If a line in the entries below contains "insert", copy it.

--- Data for processing ---

========================

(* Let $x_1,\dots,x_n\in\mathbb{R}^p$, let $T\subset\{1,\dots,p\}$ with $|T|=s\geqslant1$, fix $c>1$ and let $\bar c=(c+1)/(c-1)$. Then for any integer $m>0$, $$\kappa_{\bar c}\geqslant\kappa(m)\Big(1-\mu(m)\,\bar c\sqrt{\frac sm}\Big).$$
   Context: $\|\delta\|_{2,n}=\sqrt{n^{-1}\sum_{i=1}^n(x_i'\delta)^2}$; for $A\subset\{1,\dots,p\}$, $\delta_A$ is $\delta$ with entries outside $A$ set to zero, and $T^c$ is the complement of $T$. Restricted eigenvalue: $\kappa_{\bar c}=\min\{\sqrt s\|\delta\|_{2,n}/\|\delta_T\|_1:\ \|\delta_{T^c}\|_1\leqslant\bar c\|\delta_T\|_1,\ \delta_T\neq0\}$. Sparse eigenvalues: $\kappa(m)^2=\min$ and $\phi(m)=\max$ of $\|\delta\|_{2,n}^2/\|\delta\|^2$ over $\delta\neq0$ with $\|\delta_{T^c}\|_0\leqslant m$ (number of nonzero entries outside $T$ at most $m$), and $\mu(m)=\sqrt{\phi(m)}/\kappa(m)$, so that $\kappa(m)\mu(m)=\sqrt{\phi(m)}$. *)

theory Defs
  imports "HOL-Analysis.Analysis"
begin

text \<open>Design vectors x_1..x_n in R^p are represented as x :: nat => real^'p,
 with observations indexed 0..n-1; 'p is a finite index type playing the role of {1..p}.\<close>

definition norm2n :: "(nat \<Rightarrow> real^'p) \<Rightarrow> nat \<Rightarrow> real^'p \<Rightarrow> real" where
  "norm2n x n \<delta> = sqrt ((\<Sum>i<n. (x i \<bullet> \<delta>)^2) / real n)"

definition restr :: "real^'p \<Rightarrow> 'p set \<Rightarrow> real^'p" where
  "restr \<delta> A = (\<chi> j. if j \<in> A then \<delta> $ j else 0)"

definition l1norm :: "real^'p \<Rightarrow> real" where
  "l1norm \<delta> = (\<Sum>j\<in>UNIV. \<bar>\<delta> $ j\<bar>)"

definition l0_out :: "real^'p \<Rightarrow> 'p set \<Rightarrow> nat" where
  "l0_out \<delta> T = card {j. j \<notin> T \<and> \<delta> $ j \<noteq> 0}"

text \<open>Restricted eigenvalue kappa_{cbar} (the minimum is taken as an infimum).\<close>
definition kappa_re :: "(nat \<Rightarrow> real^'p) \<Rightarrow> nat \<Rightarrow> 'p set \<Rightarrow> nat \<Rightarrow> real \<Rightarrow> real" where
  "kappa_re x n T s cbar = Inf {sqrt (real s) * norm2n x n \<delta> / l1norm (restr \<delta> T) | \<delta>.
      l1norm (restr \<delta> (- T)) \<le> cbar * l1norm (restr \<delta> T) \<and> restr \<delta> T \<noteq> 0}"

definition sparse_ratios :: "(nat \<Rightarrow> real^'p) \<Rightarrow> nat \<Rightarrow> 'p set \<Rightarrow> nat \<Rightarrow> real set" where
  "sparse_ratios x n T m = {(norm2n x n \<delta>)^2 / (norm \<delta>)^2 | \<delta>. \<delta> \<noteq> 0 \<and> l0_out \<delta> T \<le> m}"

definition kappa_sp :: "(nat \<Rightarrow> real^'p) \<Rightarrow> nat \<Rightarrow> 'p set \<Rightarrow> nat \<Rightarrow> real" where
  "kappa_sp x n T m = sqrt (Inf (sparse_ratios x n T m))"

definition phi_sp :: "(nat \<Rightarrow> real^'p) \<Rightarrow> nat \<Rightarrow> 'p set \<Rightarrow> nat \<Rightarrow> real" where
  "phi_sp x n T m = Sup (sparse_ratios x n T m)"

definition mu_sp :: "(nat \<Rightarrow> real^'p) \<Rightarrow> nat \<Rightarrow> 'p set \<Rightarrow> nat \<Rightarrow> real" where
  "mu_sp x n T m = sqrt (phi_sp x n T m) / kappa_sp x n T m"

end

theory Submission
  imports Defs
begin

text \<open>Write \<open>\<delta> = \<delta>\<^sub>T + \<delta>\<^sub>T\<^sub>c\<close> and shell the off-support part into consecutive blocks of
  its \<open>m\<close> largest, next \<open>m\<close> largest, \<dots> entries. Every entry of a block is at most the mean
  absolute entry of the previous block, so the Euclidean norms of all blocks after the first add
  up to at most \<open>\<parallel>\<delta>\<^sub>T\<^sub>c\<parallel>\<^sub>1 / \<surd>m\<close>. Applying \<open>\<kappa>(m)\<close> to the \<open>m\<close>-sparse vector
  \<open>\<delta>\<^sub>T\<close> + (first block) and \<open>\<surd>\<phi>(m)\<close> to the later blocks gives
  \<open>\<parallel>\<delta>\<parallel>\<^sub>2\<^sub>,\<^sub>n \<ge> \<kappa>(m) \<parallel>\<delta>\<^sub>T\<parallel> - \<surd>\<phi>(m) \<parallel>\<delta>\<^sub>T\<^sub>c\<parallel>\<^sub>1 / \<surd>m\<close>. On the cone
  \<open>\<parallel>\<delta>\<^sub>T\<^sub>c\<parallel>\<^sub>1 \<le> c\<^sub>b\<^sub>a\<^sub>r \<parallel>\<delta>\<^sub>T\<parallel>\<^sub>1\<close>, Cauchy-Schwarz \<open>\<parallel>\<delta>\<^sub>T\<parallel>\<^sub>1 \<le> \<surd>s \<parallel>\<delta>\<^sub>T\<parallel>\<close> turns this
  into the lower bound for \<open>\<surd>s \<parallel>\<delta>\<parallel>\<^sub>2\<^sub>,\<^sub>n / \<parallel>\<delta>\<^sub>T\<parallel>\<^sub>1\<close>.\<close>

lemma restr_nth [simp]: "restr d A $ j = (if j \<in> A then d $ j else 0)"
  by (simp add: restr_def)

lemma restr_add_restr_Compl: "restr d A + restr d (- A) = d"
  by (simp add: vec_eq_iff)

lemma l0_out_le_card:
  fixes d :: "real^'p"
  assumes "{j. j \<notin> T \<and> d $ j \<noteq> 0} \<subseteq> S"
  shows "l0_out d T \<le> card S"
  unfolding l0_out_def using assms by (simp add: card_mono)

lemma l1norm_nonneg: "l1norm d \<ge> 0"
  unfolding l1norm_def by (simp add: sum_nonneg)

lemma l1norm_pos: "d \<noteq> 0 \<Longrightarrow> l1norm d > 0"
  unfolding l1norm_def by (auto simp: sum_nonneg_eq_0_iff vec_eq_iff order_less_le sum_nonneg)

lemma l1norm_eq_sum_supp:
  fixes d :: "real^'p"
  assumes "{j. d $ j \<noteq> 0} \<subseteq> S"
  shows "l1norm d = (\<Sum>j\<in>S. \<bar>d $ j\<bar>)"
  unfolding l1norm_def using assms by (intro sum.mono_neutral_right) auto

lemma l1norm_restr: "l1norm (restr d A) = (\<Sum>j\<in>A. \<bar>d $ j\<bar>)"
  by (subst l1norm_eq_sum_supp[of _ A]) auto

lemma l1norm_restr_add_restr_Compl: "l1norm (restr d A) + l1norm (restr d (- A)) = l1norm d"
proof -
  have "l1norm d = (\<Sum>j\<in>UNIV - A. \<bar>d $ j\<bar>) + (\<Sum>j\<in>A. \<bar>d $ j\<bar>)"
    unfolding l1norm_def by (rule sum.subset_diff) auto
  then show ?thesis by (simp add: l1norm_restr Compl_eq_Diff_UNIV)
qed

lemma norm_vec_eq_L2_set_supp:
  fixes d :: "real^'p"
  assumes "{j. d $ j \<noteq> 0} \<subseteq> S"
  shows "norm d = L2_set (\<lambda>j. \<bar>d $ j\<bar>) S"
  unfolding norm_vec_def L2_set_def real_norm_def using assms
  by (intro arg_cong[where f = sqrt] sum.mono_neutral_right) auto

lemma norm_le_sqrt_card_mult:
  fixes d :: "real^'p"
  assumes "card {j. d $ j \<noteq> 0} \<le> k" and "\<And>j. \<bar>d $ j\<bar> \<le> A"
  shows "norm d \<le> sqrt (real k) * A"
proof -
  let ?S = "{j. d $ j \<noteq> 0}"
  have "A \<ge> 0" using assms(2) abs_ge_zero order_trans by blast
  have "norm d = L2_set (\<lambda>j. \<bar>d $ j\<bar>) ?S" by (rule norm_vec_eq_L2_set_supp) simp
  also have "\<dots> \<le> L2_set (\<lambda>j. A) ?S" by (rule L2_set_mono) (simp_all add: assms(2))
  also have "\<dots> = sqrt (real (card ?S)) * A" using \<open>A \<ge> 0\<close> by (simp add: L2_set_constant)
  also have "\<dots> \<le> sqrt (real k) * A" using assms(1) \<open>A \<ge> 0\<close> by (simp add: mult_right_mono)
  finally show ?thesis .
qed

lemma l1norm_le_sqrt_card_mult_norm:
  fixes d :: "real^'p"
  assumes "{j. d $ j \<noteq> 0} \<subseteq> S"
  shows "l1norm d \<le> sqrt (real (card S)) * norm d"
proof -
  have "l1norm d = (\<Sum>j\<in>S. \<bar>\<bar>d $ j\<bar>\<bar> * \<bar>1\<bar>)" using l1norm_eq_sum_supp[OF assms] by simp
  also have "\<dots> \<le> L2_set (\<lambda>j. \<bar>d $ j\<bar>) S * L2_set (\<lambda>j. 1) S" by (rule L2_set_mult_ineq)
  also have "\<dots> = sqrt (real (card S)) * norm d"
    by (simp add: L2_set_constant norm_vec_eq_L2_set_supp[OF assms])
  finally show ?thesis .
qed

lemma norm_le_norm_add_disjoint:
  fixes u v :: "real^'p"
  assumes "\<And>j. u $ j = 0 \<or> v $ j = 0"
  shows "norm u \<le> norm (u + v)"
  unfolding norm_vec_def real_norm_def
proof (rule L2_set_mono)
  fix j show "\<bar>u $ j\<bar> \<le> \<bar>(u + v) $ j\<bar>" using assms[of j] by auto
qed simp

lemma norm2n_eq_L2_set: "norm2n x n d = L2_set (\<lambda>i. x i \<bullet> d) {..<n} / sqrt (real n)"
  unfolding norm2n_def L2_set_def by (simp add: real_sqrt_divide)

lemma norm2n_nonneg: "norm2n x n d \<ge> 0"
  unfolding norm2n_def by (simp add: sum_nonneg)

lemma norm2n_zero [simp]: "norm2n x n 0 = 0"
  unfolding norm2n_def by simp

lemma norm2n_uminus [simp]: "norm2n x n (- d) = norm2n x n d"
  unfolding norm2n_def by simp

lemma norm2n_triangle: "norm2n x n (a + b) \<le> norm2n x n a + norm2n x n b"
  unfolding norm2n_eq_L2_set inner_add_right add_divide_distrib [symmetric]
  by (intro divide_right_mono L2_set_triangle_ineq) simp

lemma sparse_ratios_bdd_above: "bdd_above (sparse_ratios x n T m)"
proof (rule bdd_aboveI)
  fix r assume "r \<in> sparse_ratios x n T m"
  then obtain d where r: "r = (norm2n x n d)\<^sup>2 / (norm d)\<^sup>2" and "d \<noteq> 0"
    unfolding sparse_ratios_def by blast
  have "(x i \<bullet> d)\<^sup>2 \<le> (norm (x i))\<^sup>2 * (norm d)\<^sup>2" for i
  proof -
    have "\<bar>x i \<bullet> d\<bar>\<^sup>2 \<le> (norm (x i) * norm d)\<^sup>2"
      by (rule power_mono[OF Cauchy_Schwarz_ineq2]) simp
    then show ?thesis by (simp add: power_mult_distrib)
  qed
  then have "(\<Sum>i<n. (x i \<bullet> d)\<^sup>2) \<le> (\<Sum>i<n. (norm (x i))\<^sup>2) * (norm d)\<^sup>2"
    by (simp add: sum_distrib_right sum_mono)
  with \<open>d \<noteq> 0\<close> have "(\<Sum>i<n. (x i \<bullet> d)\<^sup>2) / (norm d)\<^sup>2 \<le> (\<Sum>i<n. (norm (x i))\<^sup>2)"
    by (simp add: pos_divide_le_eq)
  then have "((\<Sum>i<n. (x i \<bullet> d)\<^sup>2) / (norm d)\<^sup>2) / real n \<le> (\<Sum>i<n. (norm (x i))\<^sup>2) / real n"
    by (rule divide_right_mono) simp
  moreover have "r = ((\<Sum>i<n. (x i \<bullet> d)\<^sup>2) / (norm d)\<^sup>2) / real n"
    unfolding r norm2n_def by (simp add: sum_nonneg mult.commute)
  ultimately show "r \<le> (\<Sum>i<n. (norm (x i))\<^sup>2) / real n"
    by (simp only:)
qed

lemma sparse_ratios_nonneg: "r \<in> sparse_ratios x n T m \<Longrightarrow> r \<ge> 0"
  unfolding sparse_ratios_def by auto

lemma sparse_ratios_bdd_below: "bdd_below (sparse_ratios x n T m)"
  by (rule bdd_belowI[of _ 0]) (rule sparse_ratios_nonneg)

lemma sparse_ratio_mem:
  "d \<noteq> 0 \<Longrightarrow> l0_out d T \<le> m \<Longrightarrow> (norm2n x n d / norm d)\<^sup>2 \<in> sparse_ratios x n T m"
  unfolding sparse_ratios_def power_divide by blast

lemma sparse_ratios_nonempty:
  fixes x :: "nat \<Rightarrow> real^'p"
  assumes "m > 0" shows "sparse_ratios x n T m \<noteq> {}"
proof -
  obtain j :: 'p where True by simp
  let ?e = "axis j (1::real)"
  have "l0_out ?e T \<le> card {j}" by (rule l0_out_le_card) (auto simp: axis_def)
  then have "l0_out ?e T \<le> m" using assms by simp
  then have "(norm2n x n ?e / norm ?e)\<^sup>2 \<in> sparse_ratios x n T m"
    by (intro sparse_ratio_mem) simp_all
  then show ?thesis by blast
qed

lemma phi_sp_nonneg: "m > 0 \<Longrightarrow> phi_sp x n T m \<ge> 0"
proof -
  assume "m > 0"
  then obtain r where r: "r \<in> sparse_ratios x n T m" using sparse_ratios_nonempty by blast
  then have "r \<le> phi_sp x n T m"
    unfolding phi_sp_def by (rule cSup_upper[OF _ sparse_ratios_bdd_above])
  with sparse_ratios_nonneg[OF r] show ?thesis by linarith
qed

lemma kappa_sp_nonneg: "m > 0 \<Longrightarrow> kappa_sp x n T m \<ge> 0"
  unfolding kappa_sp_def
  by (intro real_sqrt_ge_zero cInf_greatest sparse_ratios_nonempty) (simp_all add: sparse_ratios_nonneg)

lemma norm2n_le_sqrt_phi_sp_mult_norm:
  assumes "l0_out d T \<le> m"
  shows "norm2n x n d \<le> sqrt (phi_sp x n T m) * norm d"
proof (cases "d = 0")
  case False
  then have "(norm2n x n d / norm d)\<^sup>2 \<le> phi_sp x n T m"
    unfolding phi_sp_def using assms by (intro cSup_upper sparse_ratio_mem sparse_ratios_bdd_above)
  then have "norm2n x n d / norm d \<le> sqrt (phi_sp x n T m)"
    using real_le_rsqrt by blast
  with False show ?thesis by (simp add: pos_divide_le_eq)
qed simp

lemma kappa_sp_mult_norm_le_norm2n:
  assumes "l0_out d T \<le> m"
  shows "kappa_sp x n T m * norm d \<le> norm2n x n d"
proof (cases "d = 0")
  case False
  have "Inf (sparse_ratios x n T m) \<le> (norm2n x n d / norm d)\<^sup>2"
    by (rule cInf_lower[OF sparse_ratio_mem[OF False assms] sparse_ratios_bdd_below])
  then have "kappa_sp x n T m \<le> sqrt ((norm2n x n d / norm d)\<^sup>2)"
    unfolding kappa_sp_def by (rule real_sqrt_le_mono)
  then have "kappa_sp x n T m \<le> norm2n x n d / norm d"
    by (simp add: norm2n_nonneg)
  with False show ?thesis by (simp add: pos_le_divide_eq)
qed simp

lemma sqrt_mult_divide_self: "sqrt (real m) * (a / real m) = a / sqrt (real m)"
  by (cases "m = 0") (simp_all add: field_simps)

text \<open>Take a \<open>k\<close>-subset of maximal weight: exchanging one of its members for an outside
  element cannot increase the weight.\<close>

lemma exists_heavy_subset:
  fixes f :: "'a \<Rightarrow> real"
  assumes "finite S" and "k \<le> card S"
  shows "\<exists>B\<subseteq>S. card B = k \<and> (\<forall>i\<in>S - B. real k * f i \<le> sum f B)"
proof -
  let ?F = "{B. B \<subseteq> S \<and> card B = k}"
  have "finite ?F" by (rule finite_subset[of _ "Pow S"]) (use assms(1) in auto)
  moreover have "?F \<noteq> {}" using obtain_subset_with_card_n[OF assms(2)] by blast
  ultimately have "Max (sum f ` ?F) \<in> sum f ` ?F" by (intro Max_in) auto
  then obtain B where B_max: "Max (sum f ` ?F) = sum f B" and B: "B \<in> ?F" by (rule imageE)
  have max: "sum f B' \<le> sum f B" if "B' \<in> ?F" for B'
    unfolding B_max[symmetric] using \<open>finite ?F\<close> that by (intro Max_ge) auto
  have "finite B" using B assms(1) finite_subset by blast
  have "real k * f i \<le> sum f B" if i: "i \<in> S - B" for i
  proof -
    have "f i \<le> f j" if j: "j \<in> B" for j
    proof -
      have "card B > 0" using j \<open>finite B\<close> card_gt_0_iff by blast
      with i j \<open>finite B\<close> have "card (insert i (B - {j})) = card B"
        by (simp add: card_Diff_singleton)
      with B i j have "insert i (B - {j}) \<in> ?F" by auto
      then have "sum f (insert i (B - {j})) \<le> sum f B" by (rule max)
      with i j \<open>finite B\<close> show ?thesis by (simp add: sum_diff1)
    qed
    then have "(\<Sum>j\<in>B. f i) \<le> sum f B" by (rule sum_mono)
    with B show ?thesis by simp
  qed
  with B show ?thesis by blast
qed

========================

--- Final answer ---
      with i j \<open>finite B\<close> have "card (insert i (B - {j})) = card B"
      with B i j have "insert i (B - {j}) \<in> ?F" by auto
      then have "sum f (insert i (B - {j})) \<le> sum f B" by (rule max)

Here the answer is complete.